Which lines of the entries below contain the string "fcat"? Copy each one.

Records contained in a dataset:
=== Section Start ===
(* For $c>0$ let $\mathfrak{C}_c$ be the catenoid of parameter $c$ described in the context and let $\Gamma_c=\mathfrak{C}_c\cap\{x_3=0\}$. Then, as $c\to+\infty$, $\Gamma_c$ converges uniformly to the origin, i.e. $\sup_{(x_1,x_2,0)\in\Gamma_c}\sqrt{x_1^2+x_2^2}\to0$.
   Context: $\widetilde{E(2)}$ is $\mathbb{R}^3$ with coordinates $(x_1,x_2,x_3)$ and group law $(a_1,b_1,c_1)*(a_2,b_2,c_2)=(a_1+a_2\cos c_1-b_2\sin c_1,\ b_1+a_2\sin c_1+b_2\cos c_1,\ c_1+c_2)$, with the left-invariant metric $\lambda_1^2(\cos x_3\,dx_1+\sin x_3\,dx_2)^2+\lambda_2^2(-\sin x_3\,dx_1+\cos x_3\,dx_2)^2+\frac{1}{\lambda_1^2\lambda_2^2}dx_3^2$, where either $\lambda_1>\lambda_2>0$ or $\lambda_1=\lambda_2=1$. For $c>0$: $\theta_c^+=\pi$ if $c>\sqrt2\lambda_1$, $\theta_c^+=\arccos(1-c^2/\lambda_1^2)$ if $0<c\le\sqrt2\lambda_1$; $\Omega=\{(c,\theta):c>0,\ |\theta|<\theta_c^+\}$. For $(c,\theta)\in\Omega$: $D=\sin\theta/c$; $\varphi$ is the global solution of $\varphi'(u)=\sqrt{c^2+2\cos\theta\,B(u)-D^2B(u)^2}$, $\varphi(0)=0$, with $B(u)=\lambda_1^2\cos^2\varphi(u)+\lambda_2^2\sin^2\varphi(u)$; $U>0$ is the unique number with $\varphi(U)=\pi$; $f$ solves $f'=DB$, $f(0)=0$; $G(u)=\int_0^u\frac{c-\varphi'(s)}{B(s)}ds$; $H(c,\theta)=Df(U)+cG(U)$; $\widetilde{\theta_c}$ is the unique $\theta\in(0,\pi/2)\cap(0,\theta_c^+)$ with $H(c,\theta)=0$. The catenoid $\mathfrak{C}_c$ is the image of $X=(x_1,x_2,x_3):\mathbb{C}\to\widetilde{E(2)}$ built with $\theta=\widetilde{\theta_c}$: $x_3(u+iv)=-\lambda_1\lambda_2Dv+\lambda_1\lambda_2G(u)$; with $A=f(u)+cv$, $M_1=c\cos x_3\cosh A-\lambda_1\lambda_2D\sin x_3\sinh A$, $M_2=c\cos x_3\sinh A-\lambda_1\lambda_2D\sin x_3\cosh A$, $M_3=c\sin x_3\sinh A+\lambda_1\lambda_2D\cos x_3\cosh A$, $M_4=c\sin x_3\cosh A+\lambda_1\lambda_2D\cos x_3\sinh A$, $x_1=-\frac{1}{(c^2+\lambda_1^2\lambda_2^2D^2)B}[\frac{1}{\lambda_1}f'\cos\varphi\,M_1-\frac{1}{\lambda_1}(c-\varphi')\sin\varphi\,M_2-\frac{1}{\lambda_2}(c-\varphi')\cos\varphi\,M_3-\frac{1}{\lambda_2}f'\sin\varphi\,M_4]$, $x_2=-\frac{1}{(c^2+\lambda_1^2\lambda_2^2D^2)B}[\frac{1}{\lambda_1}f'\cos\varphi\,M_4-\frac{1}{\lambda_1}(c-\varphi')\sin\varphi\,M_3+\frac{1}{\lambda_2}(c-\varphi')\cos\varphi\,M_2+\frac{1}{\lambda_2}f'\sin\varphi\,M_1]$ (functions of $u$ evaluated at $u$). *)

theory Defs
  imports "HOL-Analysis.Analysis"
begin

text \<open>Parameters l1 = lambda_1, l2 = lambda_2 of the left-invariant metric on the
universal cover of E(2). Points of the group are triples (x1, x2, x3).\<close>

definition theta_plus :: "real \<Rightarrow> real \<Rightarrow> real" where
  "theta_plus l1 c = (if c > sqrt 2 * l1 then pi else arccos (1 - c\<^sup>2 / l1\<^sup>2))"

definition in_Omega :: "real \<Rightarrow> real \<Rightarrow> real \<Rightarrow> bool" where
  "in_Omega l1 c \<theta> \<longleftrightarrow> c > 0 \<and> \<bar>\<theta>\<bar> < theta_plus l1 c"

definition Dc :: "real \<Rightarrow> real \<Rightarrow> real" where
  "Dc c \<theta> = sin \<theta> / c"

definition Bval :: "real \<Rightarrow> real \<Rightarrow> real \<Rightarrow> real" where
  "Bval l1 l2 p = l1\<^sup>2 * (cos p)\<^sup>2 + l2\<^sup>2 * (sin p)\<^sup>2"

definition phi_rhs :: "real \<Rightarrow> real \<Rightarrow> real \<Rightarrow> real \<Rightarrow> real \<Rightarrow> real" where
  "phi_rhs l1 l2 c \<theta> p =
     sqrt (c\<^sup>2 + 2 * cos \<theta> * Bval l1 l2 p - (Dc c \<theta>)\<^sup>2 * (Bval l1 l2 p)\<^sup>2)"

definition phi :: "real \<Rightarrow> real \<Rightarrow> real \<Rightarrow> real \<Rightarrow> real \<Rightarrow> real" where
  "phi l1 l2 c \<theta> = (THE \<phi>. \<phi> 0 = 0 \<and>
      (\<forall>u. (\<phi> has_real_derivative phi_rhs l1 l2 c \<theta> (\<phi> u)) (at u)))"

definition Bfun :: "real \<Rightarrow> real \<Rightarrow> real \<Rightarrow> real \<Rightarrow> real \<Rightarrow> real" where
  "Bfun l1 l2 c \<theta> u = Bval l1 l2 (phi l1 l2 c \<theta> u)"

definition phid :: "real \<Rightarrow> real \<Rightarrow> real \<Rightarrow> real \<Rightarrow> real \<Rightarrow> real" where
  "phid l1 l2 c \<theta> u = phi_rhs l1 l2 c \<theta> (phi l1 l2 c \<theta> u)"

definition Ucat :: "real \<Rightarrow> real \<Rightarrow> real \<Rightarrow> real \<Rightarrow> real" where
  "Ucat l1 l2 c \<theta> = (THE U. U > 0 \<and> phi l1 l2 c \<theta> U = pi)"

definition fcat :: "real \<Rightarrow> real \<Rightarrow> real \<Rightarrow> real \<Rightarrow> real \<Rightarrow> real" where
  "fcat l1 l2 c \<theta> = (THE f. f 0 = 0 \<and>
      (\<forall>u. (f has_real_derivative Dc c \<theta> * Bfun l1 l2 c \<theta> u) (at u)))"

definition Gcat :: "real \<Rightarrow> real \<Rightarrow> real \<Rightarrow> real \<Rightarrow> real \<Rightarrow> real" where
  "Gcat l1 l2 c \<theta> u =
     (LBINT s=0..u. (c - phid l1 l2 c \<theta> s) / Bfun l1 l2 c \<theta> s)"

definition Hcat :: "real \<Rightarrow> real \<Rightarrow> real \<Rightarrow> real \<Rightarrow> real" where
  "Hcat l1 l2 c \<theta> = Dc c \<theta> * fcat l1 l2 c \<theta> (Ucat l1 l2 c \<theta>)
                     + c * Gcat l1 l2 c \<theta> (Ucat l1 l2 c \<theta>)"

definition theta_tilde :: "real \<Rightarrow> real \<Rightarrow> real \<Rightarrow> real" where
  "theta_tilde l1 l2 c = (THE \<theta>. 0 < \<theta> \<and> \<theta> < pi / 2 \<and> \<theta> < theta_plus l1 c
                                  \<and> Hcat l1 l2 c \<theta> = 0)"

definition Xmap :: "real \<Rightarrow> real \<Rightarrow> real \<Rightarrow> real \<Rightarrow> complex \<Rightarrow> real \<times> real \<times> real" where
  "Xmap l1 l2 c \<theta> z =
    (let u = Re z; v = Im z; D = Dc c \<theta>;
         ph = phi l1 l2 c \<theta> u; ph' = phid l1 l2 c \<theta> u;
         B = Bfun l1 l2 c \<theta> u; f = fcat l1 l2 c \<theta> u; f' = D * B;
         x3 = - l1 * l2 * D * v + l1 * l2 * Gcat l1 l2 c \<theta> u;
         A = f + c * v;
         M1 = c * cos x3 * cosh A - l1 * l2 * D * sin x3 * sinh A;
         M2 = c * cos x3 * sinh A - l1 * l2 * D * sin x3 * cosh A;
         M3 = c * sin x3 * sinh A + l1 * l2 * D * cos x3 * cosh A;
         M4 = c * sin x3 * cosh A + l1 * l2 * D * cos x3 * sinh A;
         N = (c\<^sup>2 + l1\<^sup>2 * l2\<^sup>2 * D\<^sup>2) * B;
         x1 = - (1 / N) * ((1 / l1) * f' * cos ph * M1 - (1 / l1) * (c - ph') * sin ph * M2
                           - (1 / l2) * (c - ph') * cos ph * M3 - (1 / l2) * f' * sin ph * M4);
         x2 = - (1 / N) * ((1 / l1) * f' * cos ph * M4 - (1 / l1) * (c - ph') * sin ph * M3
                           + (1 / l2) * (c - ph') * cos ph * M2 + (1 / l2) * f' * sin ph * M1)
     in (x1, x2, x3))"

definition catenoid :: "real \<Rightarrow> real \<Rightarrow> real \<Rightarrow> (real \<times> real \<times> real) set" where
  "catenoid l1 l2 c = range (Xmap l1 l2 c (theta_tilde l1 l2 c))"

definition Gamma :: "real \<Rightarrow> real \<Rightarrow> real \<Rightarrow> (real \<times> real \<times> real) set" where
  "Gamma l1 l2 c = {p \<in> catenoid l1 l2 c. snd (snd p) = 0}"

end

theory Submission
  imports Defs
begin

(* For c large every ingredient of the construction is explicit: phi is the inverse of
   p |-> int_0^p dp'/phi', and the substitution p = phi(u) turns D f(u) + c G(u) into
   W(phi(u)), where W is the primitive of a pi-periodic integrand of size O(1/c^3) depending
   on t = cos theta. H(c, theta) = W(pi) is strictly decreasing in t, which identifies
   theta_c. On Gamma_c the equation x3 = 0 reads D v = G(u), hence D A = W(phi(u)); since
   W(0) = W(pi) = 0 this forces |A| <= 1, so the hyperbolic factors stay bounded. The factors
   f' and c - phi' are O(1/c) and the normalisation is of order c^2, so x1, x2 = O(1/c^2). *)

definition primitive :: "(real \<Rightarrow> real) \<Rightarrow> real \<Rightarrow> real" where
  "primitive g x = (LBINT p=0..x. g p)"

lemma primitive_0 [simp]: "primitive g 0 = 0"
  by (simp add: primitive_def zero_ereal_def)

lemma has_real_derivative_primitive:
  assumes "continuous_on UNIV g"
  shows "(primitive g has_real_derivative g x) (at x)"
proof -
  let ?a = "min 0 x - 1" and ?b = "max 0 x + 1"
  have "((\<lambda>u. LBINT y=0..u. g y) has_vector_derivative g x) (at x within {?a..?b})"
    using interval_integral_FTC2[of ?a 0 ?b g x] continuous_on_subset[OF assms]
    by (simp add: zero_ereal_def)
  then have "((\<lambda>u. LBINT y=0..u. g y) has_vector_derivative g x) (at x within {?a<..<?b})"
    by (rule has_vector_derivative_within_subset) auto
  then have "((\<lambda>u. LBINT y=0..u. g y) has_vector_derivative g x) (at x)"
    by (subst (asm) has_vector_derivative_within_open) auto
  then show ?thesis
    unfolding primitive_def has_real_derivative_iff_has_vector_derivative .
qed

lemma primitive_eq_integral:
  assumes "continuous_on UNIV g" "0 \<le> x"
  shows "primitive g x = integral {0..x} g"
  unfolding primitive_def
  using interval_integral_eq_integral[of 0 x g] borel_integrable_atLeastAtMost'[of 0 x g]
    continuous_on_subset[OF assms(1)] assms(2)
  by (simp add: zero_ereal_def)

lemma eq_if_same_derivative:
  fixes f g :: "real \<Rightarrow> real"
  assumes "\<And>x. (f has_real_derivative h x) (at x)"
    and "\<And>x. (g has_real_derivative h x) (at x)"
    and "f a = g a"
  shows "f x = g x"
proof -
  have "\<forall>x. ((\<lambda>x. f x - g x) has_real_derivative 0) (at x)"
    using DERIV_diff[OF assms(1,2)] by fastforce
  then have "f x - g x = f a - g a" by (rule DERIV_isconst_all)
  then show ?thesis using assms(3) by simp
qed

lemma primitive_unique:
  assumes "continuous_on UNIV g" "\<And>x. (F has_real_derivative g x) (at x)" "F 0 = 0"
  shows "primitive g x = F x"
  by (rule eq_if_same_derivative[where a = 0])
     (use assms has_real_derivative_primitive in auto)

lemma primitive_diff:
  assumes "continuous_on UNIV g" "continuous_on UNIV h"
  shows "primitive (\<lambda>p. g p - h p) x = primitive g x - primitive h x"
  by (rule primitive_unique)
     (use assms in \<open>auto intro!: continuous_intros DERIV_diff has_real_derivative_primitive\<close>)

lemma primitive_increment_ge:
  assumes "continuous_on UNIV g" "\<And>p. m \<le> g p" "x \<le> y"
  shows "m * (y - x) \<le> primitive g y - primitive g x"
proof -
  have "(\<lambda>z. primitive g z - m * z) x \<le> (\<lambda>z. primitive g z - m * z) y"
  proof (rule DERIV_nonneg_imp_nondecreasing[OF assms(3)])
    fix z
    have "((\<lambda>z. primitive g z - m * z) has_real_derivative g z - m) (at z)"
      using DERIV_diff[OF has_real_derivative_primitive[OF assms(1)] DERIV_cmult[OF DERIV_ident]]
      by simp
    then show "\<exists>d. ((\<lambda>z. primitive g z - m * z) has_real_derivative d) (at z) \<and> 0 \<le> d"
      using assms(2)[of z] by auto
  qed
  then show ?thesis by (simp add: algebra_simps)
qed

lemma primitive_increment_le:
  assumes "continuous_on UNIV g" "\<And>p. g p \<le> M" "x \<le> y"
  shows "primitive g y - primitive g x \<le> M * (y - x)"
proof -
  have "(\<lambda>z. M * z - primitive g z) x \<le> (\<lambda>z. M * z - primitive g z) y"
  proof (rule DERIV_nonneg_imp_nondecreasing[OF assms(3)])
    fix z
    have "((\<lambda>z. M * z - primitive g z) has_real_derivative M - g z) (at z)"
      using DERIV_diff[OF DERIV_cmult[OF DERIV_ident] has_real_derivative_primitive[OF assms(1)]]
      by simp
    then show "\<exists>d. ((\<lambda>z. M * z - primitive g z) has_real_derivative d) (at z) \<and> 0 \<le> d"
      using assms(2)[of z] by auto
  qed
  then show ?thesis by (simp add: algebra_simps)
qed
=== Section End ===
=== Section Start ===
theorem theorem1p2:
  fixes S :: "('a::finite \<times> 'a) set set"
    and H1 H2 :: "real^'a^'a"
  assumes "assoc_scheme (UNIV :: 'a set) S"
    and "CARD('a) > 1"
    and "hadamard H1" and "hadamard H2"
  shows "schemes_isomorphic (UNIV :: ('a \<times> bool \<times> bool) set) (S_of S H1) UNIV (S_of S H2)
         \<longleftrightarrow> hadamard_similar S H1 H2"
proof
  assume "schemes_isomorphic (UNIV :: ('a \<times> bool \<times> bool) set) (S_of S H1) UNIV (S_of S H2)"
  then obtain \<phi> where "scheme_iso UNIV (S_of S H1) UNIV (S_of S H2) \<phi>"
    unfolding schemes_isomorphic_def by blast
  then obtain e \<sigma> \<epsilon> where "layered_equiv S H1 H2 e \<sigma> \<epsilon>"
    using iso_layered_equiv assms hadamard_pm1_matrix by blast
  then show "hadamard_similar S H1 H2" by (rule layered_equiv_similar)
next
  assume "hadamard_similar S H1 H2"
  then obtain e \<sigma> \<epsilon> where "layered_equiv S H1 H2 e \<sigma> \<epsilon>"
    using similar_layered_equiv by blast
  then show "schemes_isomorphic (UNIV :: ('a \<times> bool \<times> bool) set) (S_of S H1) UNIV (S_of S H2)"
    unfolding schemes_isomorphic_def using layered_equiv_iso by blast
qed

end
=== Section End ===
• [Response to the task]:
definition fcat :: "real \<Rightarrow> real \<Rightarrow> real \<Rightarrow> real \<Rightarrow> real \<Rightarrow> real" where
  "fcat l1 l2 c \<theta> = (THE f. f 0 = 0 \<and>
  "Hcat l1 l2 c \<theta> = Dc c \<theta> * fcat l1 l2 c \<theta> (Ucat l1 l2 c \<theta>)
         B = Bfun l1 l2 c \<theta> u; f = fcat l1 l2 c \<theta> u; f' = D * B;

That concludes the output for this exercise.